Orsay virus

Virus classification
- (unranked): Virus
- Realm: Riboviria
- Kingdom: Orthornavirae
- Phylum: Kitrinoviricota
- Class: Magsaviricetes
- Order: Nodamuvirales
- Family: Nodaviridae
- Virus: Orsay virus

= Orsay virus =

Species of virus

Orsay virus is a positive-sense single-stranded RNA virus that infects Caenorhabditis elegans nematode. It resembles nodaviruses (family Nodaviridae), but has yet to be formally classified.

Orsay virus has a (+)ssRNA genome consisting of two segments, termed RNA1 and RNA2. The RNA1 segment encodes an RNA-dependent RNA polymerase (RdRP) of 982 amino acids. The RNA2 segment has two open reading frames (ORFs) that code for a capsid protein and a non-structural protein with unknown function. The virus is composed of two structural domains, a shell (S) and a protrusion (P) domain.

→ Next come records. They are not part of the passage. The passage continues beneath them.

(* Let $(S,Z,A,\tilde Y)$ be jointly distributed random variables, where $S$ is a state distributed according to $d_\pi$, $Z\in\{1,\dots,N\}$ is a sampling index, $A$ takes values in a finite action set, and $\tilde Y\in\{1,\dots,B\}$ is a discretized reward signal. For each state $s$ put $\pi_i^s(a):=P(A=a\mid Z=i,S=s)$, $w_i(s):=P(Z=i\mid S=s)$ and $\bar\pi^s(a):=\sum_{i=1}^Nw_i(s)\pi_i^s(a)=P(A=a\mid S=s)$. Consider the three divergences $$\mathrm{JSD}_{w(s)}(\{\pi_i^s\}):=\sum_iw_i(s)D_{KL}(\pi_i^s\,\|\,\bar\pi^s),\quad D_2(Z\mid s):=\sum_iw_i(s)\|\pi_i^s-\bar\pi^s\|_2^2,\quad D_{TV}(Z\mid s):=\sum_iw_i(s)\,TV(\pi_i^s,\bar\pi^s)^2,$$ and for each of them define $\mathrm{Expr}:=\mathbb{E}_{S\sim d_\pi}[\text{Divergence}]$. If $I(A;Z\mid\tilde Y,S)=0$, then for each of these three divergences $$\mathrm{Expr}\le O\big(I(A;\tilde Y\mid S)\big),$$ i.e. there is an absolute constant $C$ (not depending on the distributions) with $\mathrm{Expr}\le C\,I(A;\tilde Y\mid S)$.
   Context: $TV(p,q)=\frac12\sum_a|p(a)-q(a)|$ is total variation distance; $D_{KL}$ is Kullback–Leibler divergence and mutual informations use the natural logarithm. $I(A;\tilde Y\mid S)=\mathbb{E}_{s\sim d_\pi}[I(A;\tilde Y\mid S=s)]$ (called MI-TET), where $d_\pi$ is the state distribution visited by the policy. $Z$ indexes the latest $N$ samplings of the policy, so $\mathrm{Expr}$ measures the spread among sampled action distributions. *)

theory Defs
  imports "HOL-Probability.Probability"
begin

type_synonym sample = "nat \<times> nat \<times> nat \<times> nat"

definition sS :: "sample \<Rightarrow> nat" where "sS x = fst x"
definition zZ :: "sample \<Rightarrow> nat" where "zZ x = fst (snd x)"
definition aA :: "sample \<Rightarrow> nat" where "aA x = fst (snd (snd x))"
definition yY :: "sample \<Rightarrow> nat" where "yY x = snd (snd (snd x))"

definition mutual_info :: "('u \<times> 'v) pmf \<Rightarrow> real" where
  "mutual_info Q = (\<Sum>(u, v)\<in>set_pmf Q.
      pmf Q (u, v) * ln (pmf Q (u, v) / (pmf (map_pmf fst Q) u * pmf (map_pmf snd Q) v)))"

definition mi_A_Y_given_S :: "sample pmf \<Rightarrow> real" where
  "mi_A_Y_given_S P = measure_pmf.expectation (map_pmf sS P)
     (\<lambda>s. mutual_info (map_pmf (\<lambda>x. (aA x, yY x)) (cond_pmf P {x. sS x = s})))"

definition mi_A_Z_given_YS :: "sample pmf \<Rightarrow> real" where
  "mi_A_Z_given_YS P = measure_pmf.expectation (map_pmf (\<lambda>x. (sS x, yY x)) P)
     (\<lambda>(s, y). mutual_info (map_pmf (\<lambda>x. (aA x, zZ x)) (cond_pmf P {x. sS x = s \<and> yY x = y})))"

definition wt :: "sample pmf \<Rightarrow> nat \<Rightarrow> nat \<Rightarrow> real" where
  "wt P s i = pmf (map_pmf zZ (cond_pmf P {x. sS x = s})) i"

definition pol :: "sample pmf \<Rightarrow> nat \<Rightarrow> nat \<Rightarrow> nat \<Rightarrow> real" where
  "pol P s i a = pmf (map_pmf aA (cond_pmf P {x. sS x = s \<and> zZ x = i})) a"

definition mixpol :: "sample pmf \<Rightarrow> nat \<Rightarrow> nat \<Rightarrow> nat \<Rightarrow> real" where
  "mixpol P N s a = (\<Sum>i\<in>{1..N}. wt P s i * pol P s i a)"

definition kl_on :: "'a set \<Rightarrow> ('a \<Rightarrow> real) \<Rightarrow> ('a \<Rightarrow> real) \<Rightarrow> real" where
  "kl_on X p q = (\<Sum>a\<in>X. p a * ln (p a / q a))"

definition tv_on :: "'a set \<Rightarrow> ('a \<Rightarrow> real) \<Rightarrow> ('a \<Rightarrow> real) \<Rightarrow> real" where
  "tv_on X p q = (1 / 2) * (\<Sum>a\<in>X. \<bar>p a - q a\<bar>)"

definition JSD_div :: "sample pmf \<Rightarrow> nat \<Rightarrow> nat set \<Rightarrow> nat \<Rightarrow> real" where
  "JSD_div P N X s = (\<Sum>i\<in>{1..N}. wt P s i * kl_on X (pol P s i) (mixpol P N s))"

definition D2_div :: "sample pmf \<Rightarrow> nat \<Rightarrow> nat set \<Rightarrow> nat \<Rightarrow> real" where
  "D2_div P N X s = (\<Sum>i\<in>{1..N}. wt P s i * (\<Sum>a\<in>X. (pol P s i a - mixpol P N s a)\<^sup>2))"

Orsay virus was discovered in 2011 in Caenorhabditis elegans nematodes in rotting fruit in Orsay, France. Just before the time of the discovery, standardized methods were developed for the wild isolation of nematodes. Using these methods, Caenorhabditis briggsae and C. elegans nematodes were found that displayed abnormalities in the intestines, such as extensive convolutions of the apical intestinal border. The lysate of infected nematodes was added to healthy nematodes, which led to infection. Since for the lysate a filter was used that only allows virus particles to penetrate, this suggested that a virus was the cause of the intestinal abnormalities. Electron microscopy showing viral particles confirmed the role of a virus.

On infection of a susceptible nematode, the viral particles are mainly localized to intestinal cells. The small structure of Orsay virus, its resemblance to the well-studied nodaviruses and its tropism to intestinal cells of C. elegans, together with its lack of infectivity for humans, make Orsay virus a useful virus for studying host–virus interactions.